Капля света - Егорова Ольга И. (читать книги без регистрации полные TXT) 📗
— Только сначала я тебе сказать хочу, что тебя. С того момента, как только тебя увидела я поняла, что люблю. И наверное, долго еще любить буду, долго буду помнить…
— Да прекрати, — не выдержал он. — Перестань, прошу тебя. Можешь вообще не говорить ничего, потому что прошлое твое.
— Это не прошлое, Сережа, — перебила она его. — Это настоящее. Ты дай мне сказать, ладно? Я ведь обманывала тебя все это время.
— В чем? В чем ты меня обманывала, Света?
— Во всем. Вот ты говоришь — Света, а меня ведь не Светой зовут. Я придумала…
Это было неожиданно. Но он усмехнулся в ответ:
— Детские игры… И как же тебя зовут по-настоящему?
— Валерия. По-настоящему меня зовут Валерия.

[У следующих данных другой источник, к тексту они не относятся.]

lemma F_derivative_neg: assumes "x > 1" shows "E1 x - exp (- x) < 0"
proof -
  have "exp (-x) / x < exp (-x)" using assms by (simp add: divide_simps)
  then show ?thesis using E1_le_exp_div[of x] assms by linarith
qed

text \<open>The second derivative of \<open>F\<close> is \<open>exp (- x) - exp (- x) / x\<close>, negative on \<open>(0, 1)\<close>.\<close>
lemma F_derivative_strict_antimono:
  assumes "0 < x" "x < y" "y \<le> 1" shows "E1 y - exp (- y) < E1 x - exp (- x)"
proof (rule DERIV_neg_imp_decreasing_open[OF assms(2)])
  fix z assume z: "x < z" "z < y"
  then have "((\<lambda>x. E1 x - exp (- x)) has_real_derivative - E1_integrand z + exp (- z)) (at z)"
    using assms by (auto intro!: derivative_eq_intros E1_has_real_derivative)
  moreover have "exp (- z) < E1_integrand z"
    using z assms by (simp add: E1_integrand_def divide_simps)
  ultimately show "\<exists>d. ((\<lambda>x. E1 x - exp (- x)) has_real_derivative d) (at z) \<and> d < 0"
    by force
next
  show "continuous_on {x..y} (\<lambda>x. E1 x - exp (- x))"
    using assms by (intro continuous_at_imp_continuous_on ballI continuous_intros
        DERIV_isCont[OF E1_has_real_derivative]) auto
qed

lemma E1_tendsto_0: "(E1 \<longlongrightarrow> 0) at_top"
proof (rule tendsto_sandwich[of "\<lambda>_. 0" _ _ "\<lambda>x. exp (- x) / x"])
  show "\<forall>\<^sub>F x in at_top. 0 \<le> E1 x"
    using eventually_gt_at_top[of 0] by eventually_elim (rule E1_nonneg)
  show "\<forall>\<^sub>F x in at_top. E1 x \<le> exp (- x) / x"
    using eventually_gt_at_top[of 0] by eventually_elim (rule E1_le_exp_div)
  show "((\<lambda>x::real. exp (- x) / x) \<longlongrightarrow> 0) at_top"
    by real_asymp
qed auto

lemma power_div_eq_E1_integrand:
  assumes "0 < \<theta>" "\<theta> < 1" "k > 0"
  shows "\<theta> ^ k / k = - ln \<theta> * E1_integrand (- ln \<theta> * k)"
proof -
  have "exp (- (- ln \<theta> * k)) = \<theta> ^ k"
    using assms by (simp add: powr_def powr_realpow[symmetric] mult.commute)
  then show ?thesis using assms by (simp add: E1_integrand_def)
qed

lemma E1_step_bounds:
  assumes "0 < \<theta>" "\<theta> < 1" "k > 0"
  defines "L \<equiv> - ln \<theta>"
  shows "\<theta> ^ (k+1) / real (k+1) \<le> E1 (L * k) - E1 (L * (k+1))"
    and "E1 (L * k) - E1 (L * (k+1)) \<le> \<theta> ^ k / k"
proof -
  have L: "L > 0" using assms by simp
  have "E1 (L * k) - E1 (L * (k+1)) = integral {L * k..L * (k+1)} E1_integrand"
    using E1_split[of "L * k" "L * (k+1)"] L assms(3) by simp
  moreover have "L * (k+1) - L * k = L" by (simp add: algebra_simps)
  moreover note power_div_eq_E1_integrand[OF assms(1,2), of k, folded L_def]
    power_div_eq_E1_integrand[OF assms(1,2), of "k+1", folded L_def]
  ultimately show "\<theta> ^ (k+1) / real (k+1) \<le> E1 (L * k) - E1 (L * (k+1))"
    and "E1 (L * k) - E1 (L * (k+1)) \<le> \<theta> ^ k / k"
    using integral_E1_integrand_bounds[of "L * k" "L * (k+1)"] L assms(3) by simp_all
qed
text \<open>The test function is the distance to \<open>b\<close>: under \<open>m\<^sub>a\<close> its mean is exactly 1, while
  under \<open>m\<^sub>x\<close> it is at least 2, because every other neighbour of \<open>x\<close> is at distance at
  least 2 from \<open>b\<close> and one of them at distance at least 3.\<close>
lemma kappa_LLY_nonpos_at_degree_2:
  assumes sg: "simple_graph V G" and conn: "connected_graph V G" and xa: "G x a"
    and Na: "neighbors V G a = {x, b}" and xb: "x \<noteq> b"
    and far: "\<And>z. z \<in> neighbors V G x - {a} \<Longrightarrow> 2 \<le> gdist V G z b"
    and z0: "z0 \<in> neighbors V G x - {a}" "3 \<le> gdist V G z0 b"
  shows "kappa_LLY V G x a \<le> 0"
proof -
  define f where "f v = real (gdist V G v b)" for v
  have fin: "finite V" using sg by (simp add: simple_graph_def)
  have ab: "G a b" using Na by (auto simp: neighbors_def)
  then have V: "x \<in> V" "a \<in> V" "b \<in> V" and "a \<noteq> b"
    using sg xa by (auto simp: simple_graph_def)
  have lip: "f u - f w \<le> real (gdist V G u w)" if "u \<in> V" "w \<in> V" for u w
    using gdist_triangle[OF conn that V(3)] by (simp add: f_def)
  have fb: "f b = 0" using gdist_self[OF V(3)] by (simp add: f_def)
  have fa: "f a = 1" using gdist_adjacent[OF sg conn ab] by (simp add: f_def)
  have "\<not> G x b"
  proof
    assume "G x b"
    then have "b \<in> neighbors V G x - {a}" using V \<open>a \<noteq> b\<close> by (simp add: neighbors_def)
    then show False using far[of b] gdist_self[OF V(3)] by simp
  qed
  then have fx: "f x = 2" using gdist_eq_2[OF sg conn xa ab xb] by (simp add: f_def)
  have N: "finite (neighbors V G x)" "a \<in> neighbors V G x"
    using fin xa V by (simp_all add: neighbors_def)
  then have "0 < degree V G x" by (auto simp: degree_def card_gt_0_iff)
  have sum_x: "2 * real (degree V G x) \<le> (\<Sum>u\<in>neighbors V G x. f u)"
    unfolding degree_def using N fa far z0 by (intro sum_ge_twice_card) (auto simp: f_def)
  have deg_a: "degree V G a = 2" using Na xb by (simp add: degree_def)
  have "kappa_alpha V G \<alpha> x a \<le> 0" if \<alpha>: "0 \<le> \<alpha>" "\<alpha> < 1" for \<alpha>
  proof -
    have "2 \<le> (\<Sum>u\<in>V. lazy_measure V G \<alpha> x u * f u)"
      using sum_lazy_measure_ge[OF sg V(1) \<open>0 < degree V G x\<close> _ sum_x] fx \<alpha> by (simp add: algebra_simps)
    moreover have "(\<Sum>u\<in>V. lazy_measure V G \<alpha> a u * f u) = 1"
      using sum_lazy_measure[OF sg V(2), of \<alpha> f] deg_a Na xb fx fa fb
      by (simp add: diff_divide_distrib)
    moreover obtain \<pi> where "is_coupling V (lazy_measure V G \<alpha> x) (lazy_measure V G \<alpha> a) \<pi>"
      using ex_coupling_lazy_measure[OF sg xa] \<alpha> by fastforce
    note wasserstein_ge_Lipschitz[OF fin this lip]
    ultimately show ?thesis by (simp add: kappa_alpha_def)
  qed
  then show ?thesis by (rule kappa_LLY_nonpos[OF sg conn xa])
qed

section \<open>Generalized Halin graphs\<close>

lemma leaf_neighbor_unique:
  assumes "simple_graph V E" "is_leaf V E l" "E p l" "E q l"
  shows "p = q"
proof -
  obtain s where "neighbors V E l = {s}"
    using assms(2) by (auto simp: is_leaf_def degree_def card_1_singleton_iff)
  moreover have "p \<in> neighbors V E l" "q \<in> neighbors V E l"
    using assms by (auto simp: simple_graph_def neighbors_def)
  ultimately show ?thesis by (metis singletonD)
qed

lemma next_leaf_unique:
  assumes sg: "simple_graph V E" and "next_leaf V E rot a b1" "next_leaf V E rot a b2"
  shows "b1 = b2"
proof -
  let ?l = "\<lambda>p m. snd ((face_step rot ^^ m) (p, a))"
  obtain p1 n1 where p1: "E p1 a" "0 < n1" "?l p1 n1 = b1"
      "\<And>m. 0 < m \<Longrightarrow> m < n1 \<Longrightarrow> \<not> is_leaf V E (?l p1 m)"
    using assms(2) unfolding next_leaf_def by blast
  obtain p2 n2 where p2: "E p2 a" "0 < n2" "?l p2 n2 = b2"
      "\<And>m. 0 < m \<Longrightarrow> m < n2 \<Longrightarrow> \<not> is_leaf V E (?l p2 m)"
    using assms(3) unfolding next_leaf_def by blast
  have leaves: "is_leaf V E a" "is_leaf V E b1" "is_leaf V E b2"
    using assms(2,3) by (auto simp: next_leaf_def)
  have "p1 = p2" using leaf_neighbor_unique[OF sg leaves(1) p1(1) p2(1)] .
  moreover have "\<not> n1 < n2" "\<not> n2 < n1"
    using p1 p2 leaves \<open>p1 = p2\<close> by auto
  ultimately show ?thesis using p1 p2 by (metis linorder_neqE_nat)
qed

definition darts :: "('a \<Rightarrow> 'a \<Rightarrow> bool) \<Rightarrow> ('a \<times> 'a) set" where
  "darts E = {(u, v). E u v}"

lemma face_step_darts:
  assumes sg: "simple_graph V E" and rs: "rotation_system V E rot"
  shows "face_step rot ` darts E \<subseteq> darts E" and "inj_on (face_step rot) (darts E)"
proof -
  have bij: "bij_betw (rot v) (neighbors V E v) (neighbors V E v)"
    and nb: "u \<in> neighbors V E v" if "E u v" for u v
    using that sg rs by (auto simp: rotation_system_def simple_graph_def neighbors_def)
  show "face_step rot ` darts E \<subseteq> darts E"
  proof
    fix d assume "d \<in> face_step rot ` darts E"
    then obtain u v where uv: "E u v" "d = (v, rot v u)" by (auto simp: darts_def face_step_def)
    then have "rot v u \<in> neighbors V E v" using bij_betw_apply[OF bij nb] by blast
    then show "d \<in> darts E" using uv by (simp add: darts_def neighbors_def)
  qed
  show "inj_on (face_step rot) (darts E)"
  proof (rule inj_onI)
    fix d1 d2 assume "d1 \<in> darts E" "d2 \<in> darts E" "face_step rot d1 = face_step rot d2"
    then obtain u1 u2 v where d: "d1 = (u1, v)" "d2 = (u2, v)" "E u1 v" "E u2 v"
        "rot v u1 = rot v u2"
      by (cases d1, cases d2) (auto simp: darts_def face_step_def)
    then show "d1 = d2"
      using inj_onD[OF bij_betw_imp_inj_on[OF bij[OF d(3)]] d(5) nb[OF d(3)] nb[OF d(4)]] by simp
  qed
qed

lemma inj_on_funpow:
  assumes "inj_on f A" "f ` A \<subseteq> A"
  shows "inj_on (f ^^ n) A"
proof (induction n)
  case (Suc n)
  have "inj_on (f ^^ n) (f ` A)" using Suc.IH assms(2) by (rule inj_on_subset)
  from comp_inj_on[OF assms(1) this] show ?case
    by (simp add: funpow_Suc_right o_def del: funpow.simps)
qed simp

lemma funpow_in: "f ` A \<subseteq> A \<Longrightarrow> x \<in> A \<Longrightarrow> (f ^^ n) x \<in> A"
  by (induction n) auto

lemma funpow_eq_imp_eq_funpow_diff:
  assumes "inj_on f A" "f ` A \<subseteq> A" "x \<in> A" "y \<in> A"
    and "(f ^^ m) x = (f ^^ n) y" "m \<le> n"
  shows "x = (f ^^ (n - m)) y"
proof -
  have "(f ^^ n) y = (f ^^ m) ((f ^^ (n - m)) y)"
    using assms(6) by (metis comp_apply funpow_add le_add_diff_inverse)
  then show ?thesis
    using inj_onD[OF inj_on_funpow[OF assms(1,2)]] assms(3-5) funpow_in[OF assms(2,4)] by metis
qed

Имя это ни о чем ему не сказало. Странно, конечно, было все это слышать от нее, и все же не трагедия.
— Тоже неплохое имя. Но если оно тебе не нравится, я буду называть тебя…
— Не в этом дело. Не потому, что не нравится. Ты не знаешь, кто я. Я Настина сестра.
Сознание продолжало защищаться. Упорно защищаться от надвигающейся опасности, которая теперь стала вдруг ощутимой.
Сергей снова ничего не понял:
— Настина сестра? Ты о какой Насте?
И сбился, не договорив. Потому что вдруг понял…
— Ты о чем?
— Я Настина сестра, — повторила она. — Меня зовут — Валерия. И я специально ту встречу подстроила. Помнишь, каблук у меня сломался. На самом деле все не так было.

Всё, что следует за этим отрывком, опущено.